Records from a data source
= = =
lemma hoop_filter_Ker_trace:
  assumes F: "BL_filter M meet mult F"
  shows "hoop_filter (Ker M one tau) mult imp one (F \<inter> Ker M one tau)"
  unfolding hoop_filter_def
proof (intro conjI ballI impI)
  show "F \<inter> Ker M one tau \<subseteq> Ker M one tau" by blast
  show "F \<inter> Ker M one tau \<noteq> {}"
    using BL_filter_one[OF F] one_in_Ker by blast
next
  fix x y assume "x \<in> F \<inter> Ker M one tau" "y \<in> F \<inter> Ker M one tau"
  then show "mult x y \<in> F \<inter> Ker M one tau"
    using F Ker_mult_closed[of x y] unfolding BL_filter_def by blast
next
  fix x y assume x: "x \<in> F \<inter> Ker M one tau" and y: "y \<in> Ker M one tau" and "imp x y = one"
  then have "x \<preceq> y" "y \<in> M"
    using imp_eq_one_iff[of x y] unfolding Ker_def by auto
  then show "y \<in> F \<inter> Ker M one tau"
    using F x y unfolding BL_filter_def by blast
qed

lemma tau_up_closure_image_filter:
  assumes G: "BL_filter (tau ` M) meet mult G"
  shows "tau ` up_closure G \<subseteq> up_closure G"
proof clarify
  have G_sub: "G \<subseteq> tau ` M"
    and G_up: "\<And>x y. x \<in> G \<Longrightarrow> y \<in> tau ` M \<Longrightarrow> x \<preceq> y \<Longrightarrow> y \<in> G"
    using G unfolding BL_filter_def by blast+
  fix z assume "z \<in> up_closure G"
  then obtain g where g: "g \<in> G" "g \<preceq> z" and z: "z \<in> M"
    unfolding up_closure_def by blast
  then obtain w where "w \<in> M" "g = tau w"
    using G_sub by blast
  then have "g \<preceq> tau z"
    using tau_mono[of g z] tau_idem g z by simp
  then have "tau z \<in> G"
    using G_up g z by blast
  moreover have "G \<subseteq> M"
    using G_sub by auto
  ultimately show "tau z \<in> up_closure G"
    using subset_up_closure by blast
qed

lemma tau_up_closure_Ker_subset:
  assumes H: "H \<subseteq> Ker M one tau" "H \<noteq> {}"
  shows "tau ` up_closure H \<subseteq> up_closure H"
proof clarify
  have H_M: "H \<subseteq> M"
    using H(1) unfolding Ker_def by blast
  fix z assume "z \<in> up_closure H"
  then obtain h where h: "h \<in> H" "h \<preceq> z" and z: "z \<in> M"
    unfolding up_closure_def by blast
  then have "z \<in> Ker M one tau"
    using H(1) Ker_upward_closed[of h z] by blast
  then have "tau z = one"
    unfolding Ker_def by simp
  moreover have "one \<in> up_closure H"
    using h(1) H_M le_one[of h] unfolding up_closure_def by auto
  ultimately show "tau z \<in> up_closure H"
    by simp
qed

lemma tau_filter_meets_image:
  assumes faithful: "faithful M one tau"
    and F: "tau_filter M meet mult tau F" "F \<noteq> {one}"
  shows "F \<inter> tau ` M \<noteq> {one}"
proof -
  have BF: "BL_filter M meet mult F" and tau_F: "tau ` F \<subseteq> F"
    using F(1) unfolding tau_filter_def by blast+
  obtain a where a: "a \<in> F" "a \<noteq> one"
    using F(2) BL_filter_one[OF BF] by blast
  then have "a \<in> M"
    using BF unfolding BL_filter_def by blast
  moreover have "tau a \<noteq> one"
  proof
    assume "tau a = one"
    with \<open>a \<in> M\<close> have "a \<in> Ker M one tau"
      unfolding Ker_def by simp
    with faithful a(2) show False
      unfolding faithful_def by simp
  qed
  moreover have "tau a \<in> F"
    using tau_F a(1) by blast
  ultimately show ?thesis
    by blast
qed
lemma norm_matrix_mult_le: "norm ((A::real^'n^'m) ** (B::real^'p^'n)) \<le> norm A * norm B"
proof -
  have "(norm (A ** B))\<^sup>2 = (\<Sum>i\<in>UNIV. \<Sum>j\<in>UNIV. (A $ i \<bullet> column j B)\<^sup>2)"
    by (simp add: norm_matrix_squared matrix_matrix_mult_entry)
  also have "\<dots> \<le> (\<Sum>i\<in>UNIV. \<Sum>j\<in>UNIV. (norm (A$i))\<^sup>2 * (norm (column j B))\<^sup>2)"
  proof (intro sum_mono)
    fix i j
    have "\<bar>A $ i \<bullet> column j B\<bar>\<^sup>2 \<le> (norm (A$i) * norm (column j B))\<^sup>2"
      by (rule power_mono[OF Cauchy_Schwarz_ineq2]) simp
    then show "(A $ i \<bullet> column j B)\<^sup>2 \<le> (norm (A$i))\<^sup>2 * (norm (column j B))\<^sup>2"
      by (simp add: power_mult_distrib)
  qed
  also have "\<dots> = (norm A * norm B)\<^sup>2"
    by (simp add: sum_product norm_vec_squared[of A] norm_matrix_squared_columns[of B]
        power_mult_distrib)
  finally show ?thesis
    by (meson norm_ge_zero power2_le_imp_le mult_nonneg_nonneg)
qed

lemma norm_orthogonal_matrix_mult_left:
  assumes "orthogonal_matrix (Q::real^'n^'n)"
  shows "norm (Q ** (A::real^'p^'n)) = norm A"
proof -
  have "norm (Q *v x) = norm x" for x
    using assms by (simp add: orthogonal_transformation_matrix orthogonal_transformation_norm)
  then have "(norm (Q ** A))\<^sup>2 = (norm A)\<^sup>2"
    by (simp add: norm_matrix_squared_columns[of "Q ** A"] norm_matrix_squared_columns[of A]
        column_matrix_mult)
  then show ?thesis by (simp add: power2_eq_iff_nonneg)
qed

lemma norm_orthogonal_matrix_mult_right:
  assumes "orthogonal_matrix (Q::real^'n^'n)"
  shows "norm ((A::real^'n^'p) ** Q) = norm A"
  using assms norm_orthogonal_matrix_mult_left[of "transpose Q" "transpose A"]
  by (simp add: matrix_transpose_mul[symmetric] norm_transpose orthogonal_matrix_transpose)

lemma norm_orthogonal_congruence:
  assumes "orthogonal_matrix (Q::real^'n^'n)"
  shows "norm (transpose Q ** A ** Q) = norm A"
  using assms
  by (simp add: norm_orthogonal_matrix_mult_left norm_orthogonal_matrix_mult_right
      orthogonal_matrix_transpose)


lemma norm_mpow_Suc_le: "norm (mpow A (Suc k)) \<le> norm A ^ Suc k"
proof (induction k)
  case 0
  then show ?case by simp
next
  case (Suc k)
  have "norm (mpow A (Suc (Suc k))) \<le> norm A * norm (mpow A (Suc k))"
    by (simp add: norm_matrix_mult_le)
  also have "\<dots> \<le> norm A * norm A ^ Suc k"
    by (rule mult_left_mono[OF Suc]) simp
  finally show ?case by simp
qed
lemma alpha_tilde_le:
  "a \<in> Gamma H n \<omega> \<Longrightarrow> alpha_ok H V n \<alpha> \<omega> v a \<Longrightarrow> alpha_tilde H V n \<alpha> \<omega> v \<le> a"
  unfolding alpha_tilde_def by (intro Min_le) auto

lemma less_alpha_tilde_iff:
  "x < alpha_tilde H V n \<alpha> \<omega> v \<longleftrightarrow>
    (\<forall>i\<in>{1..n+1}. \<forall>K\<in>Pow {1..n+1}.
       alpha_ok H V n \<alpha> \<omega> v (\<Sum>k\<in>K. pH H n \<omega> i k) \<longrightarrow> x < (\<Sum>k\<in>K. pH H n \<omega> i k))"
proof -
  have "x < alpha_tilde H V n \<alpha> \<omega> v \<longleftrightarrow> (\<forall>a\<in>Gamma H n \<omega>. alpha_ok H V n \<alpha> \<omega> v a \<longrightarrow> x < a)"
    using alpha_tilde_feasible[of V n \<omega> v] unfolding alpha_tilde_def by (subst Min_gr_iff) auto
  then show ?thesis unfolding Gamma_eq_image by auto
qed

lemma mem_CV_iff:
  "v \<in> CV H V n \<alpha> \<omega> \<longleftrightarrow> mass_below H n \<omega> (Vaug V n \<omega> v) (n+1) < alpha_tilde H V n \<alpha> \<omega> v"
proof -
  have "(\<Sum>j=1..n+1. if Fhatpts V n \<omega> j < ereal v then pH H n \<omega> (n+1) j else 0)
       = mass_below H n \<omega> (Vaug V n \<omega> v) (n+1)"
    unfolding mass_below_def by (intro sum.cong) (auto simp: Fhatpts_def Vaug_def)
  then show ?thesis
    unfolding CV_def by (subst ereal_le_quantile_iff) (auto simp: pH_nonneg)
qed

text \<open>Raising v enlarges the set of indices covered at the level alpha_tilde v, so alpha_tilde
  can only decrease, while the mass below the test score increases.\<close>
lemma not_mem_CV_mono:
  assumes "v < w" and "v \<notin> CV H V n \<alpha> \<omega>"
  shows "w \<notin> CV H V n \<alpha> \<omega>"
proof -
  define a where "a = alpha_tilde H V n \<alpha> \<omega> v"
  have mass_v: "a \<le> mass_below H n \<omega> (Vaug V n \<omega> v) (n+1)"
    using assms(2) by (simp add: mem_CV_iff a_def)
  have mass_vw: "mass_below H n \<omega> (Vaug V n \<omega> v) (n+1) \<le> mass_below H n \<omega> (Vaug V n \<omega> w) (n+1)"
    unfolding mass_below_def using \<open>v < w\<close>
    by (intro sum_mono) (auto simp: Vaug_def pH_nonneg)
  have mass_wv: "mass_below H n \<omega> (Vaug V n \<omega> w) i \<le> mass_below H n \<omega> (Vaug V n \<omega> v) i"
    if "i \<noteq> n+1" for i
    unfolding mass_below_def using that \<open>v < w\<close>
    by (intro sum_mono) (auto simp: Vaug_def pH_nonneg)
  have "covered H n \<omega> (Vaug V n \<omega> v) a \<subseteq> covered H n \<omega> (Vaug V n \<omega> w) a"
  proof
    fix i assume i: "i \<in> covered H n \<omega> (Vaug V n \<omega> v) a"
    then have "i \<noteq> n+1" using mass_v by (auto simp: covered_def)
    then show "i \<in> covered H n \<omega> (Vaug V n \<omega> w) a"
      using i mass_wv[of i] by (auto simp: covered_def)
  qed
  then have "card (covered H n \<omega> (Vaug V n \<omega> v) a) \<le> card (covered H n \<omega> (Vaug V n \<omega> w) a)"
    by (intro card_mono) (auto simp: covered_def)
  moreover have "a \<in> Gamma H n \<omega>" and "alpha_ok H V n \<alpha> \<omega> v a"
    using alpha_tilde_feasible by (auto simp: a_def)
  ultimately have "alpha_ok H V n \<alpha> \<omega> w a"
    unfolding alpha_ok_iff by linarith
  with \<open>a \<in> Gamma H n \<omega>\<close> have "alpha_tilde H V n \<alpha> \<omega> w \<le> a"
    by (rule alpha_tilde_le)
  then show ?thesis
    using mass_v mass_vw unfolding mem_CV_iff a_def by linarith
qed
= = =
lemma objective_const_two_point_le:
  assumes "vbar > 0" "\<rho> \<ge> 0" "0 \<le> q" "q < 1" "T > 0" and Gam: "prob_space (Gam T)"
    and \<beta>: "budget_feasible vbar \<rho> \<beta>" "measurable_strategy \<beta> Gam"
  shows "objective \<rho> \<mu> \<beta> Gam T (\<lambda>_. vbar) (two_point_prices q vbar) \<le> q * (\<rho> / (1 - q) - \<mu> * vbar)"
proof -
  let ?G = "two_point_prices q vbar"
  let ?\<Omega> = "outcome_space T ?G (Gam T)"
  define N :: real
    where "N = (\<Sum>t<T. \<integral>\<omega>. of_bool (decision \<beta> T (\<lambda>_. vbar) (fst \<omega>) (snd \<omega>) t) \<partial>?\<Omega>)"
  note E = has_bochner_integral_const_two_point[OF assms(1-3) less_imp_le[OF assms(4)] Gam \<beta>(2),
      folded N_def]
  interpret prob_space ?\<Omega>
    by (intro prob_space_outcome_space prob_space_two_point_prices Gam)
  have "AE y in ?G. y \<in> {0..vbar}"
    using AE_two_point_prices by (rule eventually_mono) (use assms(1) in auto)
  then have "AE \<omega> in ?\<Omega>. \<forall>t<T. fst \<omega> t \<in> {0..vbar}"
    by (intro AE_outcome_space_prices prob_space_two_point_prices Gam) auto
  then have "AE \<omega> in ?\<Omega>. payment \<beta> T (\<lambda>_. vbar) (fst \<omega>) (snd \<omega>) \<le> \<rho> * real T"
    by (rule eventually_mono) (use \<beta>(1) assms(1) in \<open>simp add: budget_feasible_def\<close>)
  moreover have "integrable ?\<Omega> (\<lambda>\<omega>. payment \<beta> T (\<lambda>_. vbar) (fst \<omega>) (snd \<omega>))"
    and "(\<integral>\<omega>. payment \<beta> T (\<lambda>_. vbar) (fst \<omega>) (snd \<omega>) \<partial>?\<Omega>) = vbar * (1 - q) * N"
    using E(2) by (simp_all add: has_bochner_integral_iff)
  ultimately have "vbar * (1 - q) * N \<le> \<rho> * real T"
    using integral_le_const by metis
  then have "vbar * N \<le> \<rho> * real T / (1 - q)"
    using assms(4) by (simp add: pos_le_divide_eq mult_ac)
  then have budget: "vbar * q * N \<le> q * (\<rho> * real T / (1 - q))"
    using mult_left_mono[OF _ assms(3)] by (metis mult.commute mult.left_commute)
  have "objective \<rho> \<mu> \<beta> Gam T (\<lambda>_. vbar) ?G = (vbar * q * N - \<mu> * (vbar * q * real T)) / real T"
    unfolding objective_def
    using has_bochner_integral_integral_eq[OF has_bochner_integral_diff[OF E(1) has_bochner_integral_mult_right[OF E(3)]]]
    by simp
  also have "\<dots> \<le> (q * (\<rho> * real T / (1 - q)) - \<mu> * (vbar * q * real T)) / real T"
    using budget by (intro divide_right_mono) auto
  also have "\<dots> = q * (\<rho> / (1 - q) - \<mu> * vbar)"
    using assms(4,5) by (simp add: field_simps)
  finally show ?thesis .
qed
= = =
_Aim of the exercise:_
Each line of the entries above that includes "open" counts once; state how many such lines there are, with the number as the only answer.

_Answer space:_
6